Some readers may wonder, “why measure likability at all then?” It’s a good question—and the value of doing so lies in its ability to provide specific diagnostic feedback. Many research providers will ask consumers for their overall impression of a package: “On a scale of 1 to 5, how much does this package design appeal to you?” When the question is framed this way, the resultant data is likely to be useless.
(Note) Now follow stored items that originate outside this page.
(* Let $R=k[x_1,x_2,x_3]$ and let $A=R/I$ be an Artinian algebra with $h$-vector $(1,3,h_2,\ldots,h_s)$ and socle degree $s$. If $h_{d-1}-h_d=2(h_d-h_{d+1})>0$ for some $d$ with $r_1(A)<d<s$, then $A$ is not level.
   Context: $k$ is an infinite field of characteristic $0$; $h_i=\dim_kA_i$, $A_s\neq0$. $A$ is level if its socle $\{a\in A:a\mathfrak m=0\}$ ($\mathfrak m$ the maximal homogeneous ideal) is concentrated in a single degree. $r_1(A)=\min\{\ell:(R/(I+(L)))_{\ell+1}=0\}$ for a general linear form $L$ (equivalently $\min\{\ell: x_2^{\ell+1}\in\mathrm{Gin}(I)\}$, generic initial ideal for degree reverse lexicographic order). *)

theory Defs
  imports Complex_Main "HOL-Library.Poly_Mapping" "HOL-Library.Product_Plus"
begin

text \<open>Monomials in x1,x2,x3 are exponent triples; polynomials of R = k[x1,x2,x3]
  are finitely supported maps from monomials to coefficients.\<close>

type_synonym mono3 = "nat \<times> nat \<times> nat"
type_synonym 'a poly3 = "mono3 \<Rightarrow>\<^sub>0 'a"

definition mdeg :: "mono3 \<Rightarrow> nat" where
  "mdeg m = fst m + fst (snd m) + snd (snd m)"

definition X1 :: "'a::comm_ring_1 poly3" where "X1 = Poly_Mapping.single (1,0,0) 1"
definition X2 :: "'a::comm_ring_1 poly3" where "X2 = Poly_Mapping.single (0,1,0) 1"
definition X3 :: "'a::comm_ring_1 poly3" where "X3 = Poly_Mapping.single (0,0,1) 1"

definition sc :: "'a::comm_ring_1 \<Rightarrow> 'a poly3 \<Rightarrow> 'a poly3" where
  "sc c p = Poly_Mapping.single 0 c * p"

lemma vs_sc: "vector_space (sc :: 'a::field \<Rightarrow> 'a poly3 \<Rightarrow> 'a poly3)"
proof unfold_locales
  fix a b :: 'a and x y :: "'a poly3"
  show "sc a (x + y) = sc a x + sc a y" by (simp add: sc_def distrib_left)
  show "sc (a + b) x = sc a x + sc b x" by (simp add: sc_def single_add distrib_right)
  show "sc a (sc b x) = sc (a * b) x"
    by (simp add: sc_def mult.assoc[symmetric] mult_single)
  show "sc 1 x = x" by (simp add: sc_def flip: one_poly_mapping.abs_eq)
qed

definition homog :: "nat \<Rightarrow> 'a::comm_ring_1 poly3 set" where
  "homog j = {p. \<forall>m\<in>Poly_Mapping.keys p. mdeg m = j}"

definition hcomp :: "nat \<Rightarrow> 'a::comm_ring_1 poly3 \<Rightarrow> 'a poly3" where
  "hcomp t p = (\<Sum>m\<in>{m\<in>Poly_Mapping.keys p. mdeg m = t}. Poly_Mapping.single m (Poly_Mapping.lookup p m))"

definition is_ideal :: "'a::comm_ring_1 poly3 set \<Rightarrow> bool" where
  "is_ideal I \<longleftrightarrow> 0 \<in> I \<and> (\<forall>p\<in>I. \<forall>q\<in>I. p + q \<in> I) \<and> (\<forall>r. \<forall>p\<in>I. r * p \<in> I)"

definition homogeneous_ideal :: "'a::comm_ring_1 poly3 set \<Rightarrow> bool" where
  "homogeneous_ideal I \<longleftrightarrow> is_ideal I \<and> (\<forall>p\<in>I. \<forall>t. hcomp t p \<in> I)"

text \<open>h_j = dim_k (R/I)_j = dim_k R_j - dim_k I_j.\<close>
definition hfun :: "'a::field poly3 set \<Rightarrow> nat \<Rightarrow> nat" where
  "hfun I j = vector_space.dim sc (homog j :: 'a poly3 set) - vector_space.dim sc (homog j \<inter> I)"

text \<open>A = R/I is Artinian: A_j = 0 for all large j.\<close>
definition artinian :: "'a::field poly3 set \<Rightarrow> bool" where
  "artinian I \<longleftrightarrow> (\<exists>N. \<forall>j\<ge>N. homog j \<subseteq> I)"

text \<open>Level: the socle {f + I : f x_i \<in> I for i = 1,2,3} lies in a single degree t.\<close>
definition level :: "'a::field poly3 set \<Rightarrow> bool" where
  "level I \<longleftrightarrow> (\<exists>t. \<forall>f. (X1 * f \<in> I \<and> X2 * f \<in> I \<and> X3 * f \<in> I) \<longrightarrow> f - hcomp t f \<in> I)"

definition linform :: "'a::field \<times> 'a \<times> 'a \<Rightarrow> 'a poly3" where
  "linform c = sc (fst c) X1 + sc (fst (snd c)) X2 + sc (snd (snd c)) X3"

text \<open>(R/(I+(L)))_j = 0, where I + (L) = {i + L r}.\<close>
definition quot_vanishes :: "'a::field poly3 set \<Rightarrow> 'a poly3 \<Rightarrow> nat \<Rightarrow> bool" where
  "quot_vanishes I L j \<longleftrightarrow> homog j \<subseteq> {i + L * r | i r. i \<in> I}"

definition rL :: "'a::field poly3 set \<Rightarrow> 'a \<times> 'a \<times> 'a \<Rightarrow> nat" where
  "rL I c = (LEAST l. quot_vanishes I (linform c) (Suc l))"

definition peval :: "'a::field poly3 \<Rightarrow> 'a \<times> 'a \<times> 'a \<Rightarrow> 'a" where
  "peval F c = (\<Sum>m\<in>Poly_Mapping.keys F. Poly_Mapping.lookup F m * fst c ^ fst m * fst (snd c) ^ fst (snd m)
                                * snd (snd c) ^ snd (snd m))"

text \<open>A property holds for a general point of k^3 if it holds on a nonempty Zariski open set.\<close>
definition general :: "('a::field \<times> 'a \<times> 'a \<Rightarrow> bool) \<Rightarrow> bool" where
  "general P \<longleftrightarrow> (\<exists>F. F \<noteq> 0 \<and> (\<forall>c. peval F c \<noteq> 0 \<longrightarrow> P c))"

definition r1 :: "'a::field poly3 set \<Rightarrow> nat" where
  "r1 I = (THE r. general (\<lambda>c. rL I c = r))"

end

(* Let L be a general linear form, so that multiplication by L maps A_j onto A_(j+1)
  for every j >= r_1(A), and write k_j = dim (0 :_A L)_j.  Comparing A_(d-1) -> A_d with the
  surjection A_d -> A_(d+1) gives h_(d-1) - h_d <= k_(d-1) and h_d - h_(d+1) = k_d, so the
  hypothesis says 2 k_d <= k_(d-1).  Complete L to a basis L, y, z of R_1.  If A is level, its
  socle lives in degree s only; hence z is injective on (0 :_A (L, y))_(d-1), and y maps
  (0 :_A L)_(d-1) into (0 :_A L)_d with that kernel.  Counting dimensions, y (and likewise z)
  kills (0 :_A L)_d, which therefore lies in the socle in degree d < s and vanishes, contradicting
  k_d = h_d - h_(d+1) > 0.

  That r_1(A) is attained at all rests on the vanishing of (R/(I + (L)))_j being a Zariski-open
  condition on the coefficients of L (a determinant), and on k being infinite. *)

theory Submission
  imports Defs "HOL-Library.Product_Lexorder" "Jordan_Normal_Form.Determinant"
begin

section \<open>Homogeneous components\<close>

text \<open>With the lexicographic order, monomials form an ordered cancellative monoid, which makes
  \<open>'a poly3\<close> an integral domain.\<close>

instance prod :: (ordered_cancel_comm_monoid_add, ordered_cancel_comm_monoid_add) ordered_cancel_comm_monoid_add
proof
  fix a b c :: "'a \<times> 'b"
  assume "a \<le> b" then show "c + a \<le> c + b"
    by (cases a; cases b; cases c)
      (auto simp: less_eq_prod_def less_le add_left_cancel intro: add_strict_left_mono add_left_mono)
qed

lemma mdeg_add [simp]: "mdeg (a + b) = mdeg a + mdeg b"
  by (cases a; cases b) (auto simp: mdeg_def)

lemma lookup_hcomp:
  "Poly_Mapping.lookup (hcomp t p) m = (if mdeg m = t then Poly_Mapping.lookup p m else 0)"
proof -
  have "Poly_Mapping.lookup (hcomp t p) m =
     (\<Sum>x\<in>{m\<in>Poly_Mapping.keys p. mdeg m = t}. (Poly_Mapping.lookup p x when x = m))"
    unfolding hcomp_def lookup_sum lookup_single by simp
  also have "\<dots> = (if mdeg m = t then Poly_Mapping.lookup p m else 0)"
    by (simp add: when_def sum.delta in_keys_iff)
  finally show ?thesis .
qed

lemma hcomp_add: "hcomp t (p + q) = hcomp t p + hcomp t q"
  by (rule poly_mapping_eqI) (simp add: lookup_hcomp lookup_add)

lemma hcomp_sum: "hcomp t (sum f S) = (\<Sum>x\<in>S. hcomp t (f x))"
  by (rule poly_mapping_eqI) (simp add: lookup_hcomp lookup_sum)

lemma lookup_sc: "Poly_Mapping.lookup (sc a p) m = a * Poly_Mapping.lookup p m"
  by (simp add: sc_def flip: mult_map_scale_conv_mult) (simp add: Poly_Mapping.map.rep_eq when_def)

lemma homog_iff: "p \<in> homog j \<longleftrightarrow> (\<forall>m. Poly_Mapping.lookup p m \<noteq> 0 \<longrightarrow> mdeg m = j)"
  by (auto simp: homog_def in_keys_iff)

lemma hcomp_in_homog: "hcomp t p \<in> homog t"
  by (auto simp: homog_iff lookup_hcomp split: if_splits)

lemma hcomp_homog_self: "p \<in> homog t \<Longrightarrow> hcomp t p = p"
  by (rule poly_mapping_eqI) (auto simp: lookup_hcomp homog_iff)

lemma hcomp_homog_other: "p \<in> homog t' \<Longrightarrow> t \<noteq> t' \<Longrightarrow> hcomp t p = 0"
  by (rule poly_mapping_eqI) (auto simp: lookup_hcomp homog_iff)

lemma sum_hcomp: "(\<Sum>t\<in>mdeg ` Poly_Mapping.keys p. hcomp t p) = p"
proof (rule poly_mapping_eqI)
  fix m
  have "Poly_Mapping.lookup (\<Sum>t\<in>mdeg ` Poly_Mapping.keys p. hcomp t p) m
     = (\<Sum>t\<in>mdeg ` Poly_Mapping.keys p. if mdeg m = t then Poly_Mapping.lookup p m else 0)"
    by (simp add: lookup_sum lookup_hcomp)
  also have "\<dots> = Poly_Mapping.lookup p m"
    by (auto simp: sum.delta eq_commute[of "mdeg m"] in_keys_iff)
  finally show "Poly_Mapping.lookup (\<Sum>t\<in>mdeg ` Poly_Mapping.keys p. hcomp t p) m = Poly_Mapping.lookup p m" .
qed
At Designalytics, we take a fundamentally different approach to assessing likability. We ask consumers which specific elements they like or dislike (quantitatively) and why they like or dislike them (qualitatively). This helps designers understand whether the execution of specific elements is confusing or polarizing to consumers, and provides vital insights for creative refinement: “That’s a lot of text and it’s too small to read.” “The fruit imagery looks unappetizing.” “Why does a children’s character look so sinister?” “Is that a raisin or a bug?”

Metrics that may matter

Readers may be wondering about one popular design metric that hasn’t yet been mentioned: standout. Because Designalytics had not initially included our innovative eye-tracking methodology in syndicated redesign reporting, we are awaiting a critical mass of validation cases to determine the predictive value of standout. Given that designs must first be noticed in order to be considered for purchase, we expect to see a strong correlation between standout shifts and sales outcomes—but the jury is still out.

Caveats

Some metrics will matter more or less to particular brands, depending on the brand size, strengths and weaknesses of the current design (when applicable), and strategic objectives. For example, a challenger brand with low awareness may put significantly more weight on having strong standout performance than a category leader with dominant shelf position and share—or a diaper brand may seek to increase consumers’ emotional response to its design because this less tangible attribute is essential to succeed in that particular category. These are worthy strategic objectives that depend, to some extent, on a brand’s specific circumstances. That said, the two metrics we’ve determined to be highly correlated with sales outcomes—purchase preference and communication—are critical for all brands.

¹Based on an analysis of 52 case studies across CPG categories, cross-referencing Designalytics’ consumer data with IRI/Nielsen retail scanner data. (The retail data analysis compares the six months following the new design’s launch to the same period during the prior year to eliminate seasonal effects.)

²Designalytics is the only research provider to offer “first-view data quality,” where each online activity utilizes a new set of consumers. This completely eliminates the pre-exposure bias that plagues all other design research, resulting in much more reliable data. Additionally, Designalytics uses innovative behavioral exercises (not surveys), discrete choice methodologies (not monadic), and higher sample sizes than the industry “gold standard”—all of which contribute to our uniquely high data quality.